» **Task prompt**: Copy the complete listing that follows, letter for letter.

» **Data**:

theorem theorem3p3:
  fixes R :: "('a, 'c) ring_scheme" and M :: "('a, 'b, 'd) module_scheme"
  assumes "cring R" and "module R M"
    and "carrier M \<noteq> {\<zero>\<^bsub>M\<^esub>}"
    and "comultiplication_module R M"
    and "lsg_non_null R M"
  shows "lsg_domination_number R M \<le> 2 \<and>
         (finite (min_submodules R M) \<longrightarrow> lsg_domination_number R M = 2)"
  using module.comultiplication_lsg_domination_number_eq_2[OF assms(2,4,5)] by simp

end
text \<open>Hypothesis \<open>schouten\<close> is the vanishing of the Schouten bracket \<open>[P, P]\<close>; the Hessian
  terms cancel in pairs by their symmetry.\<close>

lemma jacobi_cyclic_sum_eq_0:
  assumes skew: "\<And>i j. i \<in> I \<Longrightarrow> j \<in> I \<Longrightarrow> P i j = - P j i"
    and "\<And>i j. i \<in> I \<Longrightarrow> j \<in> I \<Longrightarrow> FF i j = FF j i"
    and "\<And>i j. i \<in> I \<Longrightarrow> j \<in> I \<Longrightarrow> GG i j = GG j i"
    and "\<And>i j. i \<in> I \<Longrightarrow> j \<in> I \<Longrightarrow> HH i j = HH j i"
    and schouten: "\<And>i k l. i \<in> I \<Longrightarrow> k \<in> I \<Longrightarrow> l \<in> I \<Longrightarrow>
       (\<Sum>j\<in>I. P i j * DP j k l + P k j * DP j l i + P l j * DP j i k) = 0"
  shows "nested_bracket_sum I P DP F G H GG HH + nested_bracket_sum I P DP G H F HH FF
       + nested_bracket_sum I P DP H F G FF GG = 0"
proof -
  have "schouten_sum I P DP G H F =
      (\<Sum>a\<in>I. \<Sum>b\<in>I. \<Sum>c\<in>I. F a * G b * H c * (\<Sum>j\<in>I. P b j * DP j c a))"
    unfolding schouten_sum_def
    by (subst sum_rotate3[of "\<lambda>a b c. G a * H b * F c * (\<Sum>j\<in>I. P a j * DP j b c)"])
       (simp add: mult_ac)
  moreover have "schouten_sum I P DP H F G =
      (\<Sum>a\<in>I. \<Sum>b\<in>I. \<Sum>c\<in>I. F a * G b * H c * (\<Sum>j\<in>I. P c j * DP j a b))"
    unfolding schouten_sum_def
    by (subst sum_rotate3[of "\<lambda>a b c. H a * F b * G c * (\<Sum>j\<in>I. P a j * DP j b c)"],
        subst sum_rotate3) (simp add: mult_ac)
  ultimately have schouten_sum_cyclic:
      "schouten_sum I P DP F G H + schouten_sum I P DP G H F + schouten_sum I P DP H F G = 0"
    unfolding schouten_sum_def
    by (simp add: sum.distrib[symmetric] distrib_left[symmetric] schouten)
  have hessian_terms: "bilinear_sum I FF (contract I P G) (contract I P H) = bilinear_sum I FF (contract I P H) (contract I P G)"
    "bilinear_sum I GG (contract I P F) (contract I P H) = bilinear_sum I GG (contract I P H) (contract I P F)"
    "bilinear_sum I HH (contract I P F) (contract I P G) = bilinear_sum I HH (contract I P G) (contract I P F)"
    using assms(2-4) by (blast intro: bilinear_sum_commute)+
  have decompose: "nested_bracket_sum I P DP A B C BB CC =
      - bilinear_sum I BB (contract I P A) (contract I P C)
      + bilinear_sum I CC (contract I P A) (contract I P B) + schouten_sum I P DP A B C"
    for A B C BB CC
    using skew by (rule nested_bracket_sum_decompose)
  show ?thesis
    unfolding decompose using schouten_sum_cyclic hessian_terms by linarith
qed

» **Response box**:
theorem theorem3p3:
  fixes R :: "('a, 'c) ring_scheme" and M :: "('a, 'b, 'd) module_scheme"
  assumes "cring R" and "module R M"
    and "carrier M \<noteq> {\<zero>\<^bsub>M\<^esub>}"
    and "comultiplication_module R M"
    and "lsg_non_null R M"
  shows "lsg_domination_number R M \<le> 2 \<and>
         (finite (min_submodules R M) \<longrightarrow> lsg_domination_number R M = 2)"
  using module.comultiplication_lsg_domination_number_eq_2[OF assms(2,4,5)] by simp

end
text \<open>Hypothesis \<open>schouten\<close> is the vanishing of the Schouten bracket \<open>[P, P]\<close>; the Hessian
  terms cancel in pairs by their symmetry.\<close>

lemma jacobi_cyclic_sum_eq_0:
  assumes skew: "\<And>i j. i \<in> I \<Longrightarrow> j \<in> I \<Longrightarrow> P i j = - P j i"
    and "\<And>i j. i \<in> I \<Longrightarrow> j \<in> I \<Longrightarrow> FF i j = FF j i"
    and "\<And>i j. i \<in> I \<Longrightarrow> j \<in> I \<Longrightarrow> GG i j = GG j i"
    and "\<And>i j. i \<in> I \<Longrightarrow> j \<in> I \<Longrightarrow> HH i j = HH j i"
    and schouten: "\<And>i k l. i \<in> I \<Longrightarrow> k \<in> I \<Longrightarrow> l \<in> I \<Longrightarrow>
       (\<Sum>j\<in>I. P i j * DP j k l + P k j * DP j l i + P l j * DP j i k) = 0"
  shows "nested_bracket_sum I P DP F G H GG HH + nested_bracket_sum I P DP G H F HH FF
       + nested_bracket_sum I P DP H F G FF GG = 0"
proof -
  have "schouten_sum I P DP G H F =
      (\<Sum>a\<in>I. \<Sum>b\<in>I. \<Sum>c\<in>I. F a * G b * H c * (\<Sum>j\<in>I. P b j * DP j c a))"
    unfolding schouten_sum_def
    by (subst sum_rotate3[of "\<lambda>a b c. G a * H b * F c * (\<Sum>j\<in>I. P a j * DP j b c)"])
       (simp add: mult_ac)
  moreover have "schouten_sum I P DP H F G =
      (\<Sum>a\<in>I. \<Sum>b\<in>I. \<Sum>c\<in>I. F a * G b * H c * (\<Sum>j\<in>I. P c j * DP j a b))"
    unfolding schouten_sum_def
    by (subst sum_rotate3[of "\<lambda>a b c. H a * F b * G c * (\<Sum>j\<in>I. P a j * DP j b c)"],
        subst sum_rotate3) (simp add: mult_ac)
  ultimately have schouten_sum_cyclic:
      "schouten_sum I P DP F G H + schouten_sum I P DP G H F + schouten_sum I P DP H F G = 0"
    unfolding schouten_sum_def
    by (simp add: sum.distrib[symmetric] distrib_left[symmetric] schouten)
  have hessian_terms: "bilinear_sum I FF (contract I P G) (contract I P H) = bilinear_sum I FF (contract I P H) (contract I P G)"
    "bilinear_sum I GG (contract I P F) (contract I P H) = bilinear_sum I GG (contract I P H) (contract I P F)"
    "bilinear_sum I HH (contract I P F) (contract I P G) = bilinear_sum I HH (contract I P G) (contract I P F)"
    using assms(2-4) by (blast intro: bilinear_sum_commute)+
  have decompose: "nested_bracket_sum I P DP A B C BB CC =
      - bilinear_sum I BB (contract I P A) (contract I P C)
      + bilinear_sum I CC (contract I P A) (contract I P B) + schouten_sum I P DP A B C"
    for A B C BB CC
    using skew by (rule nested_bracket_sum_decompose)
  show ?thesis
    unfolding decompose using schouten_sum_cyclic hessian_terms by linarith
qed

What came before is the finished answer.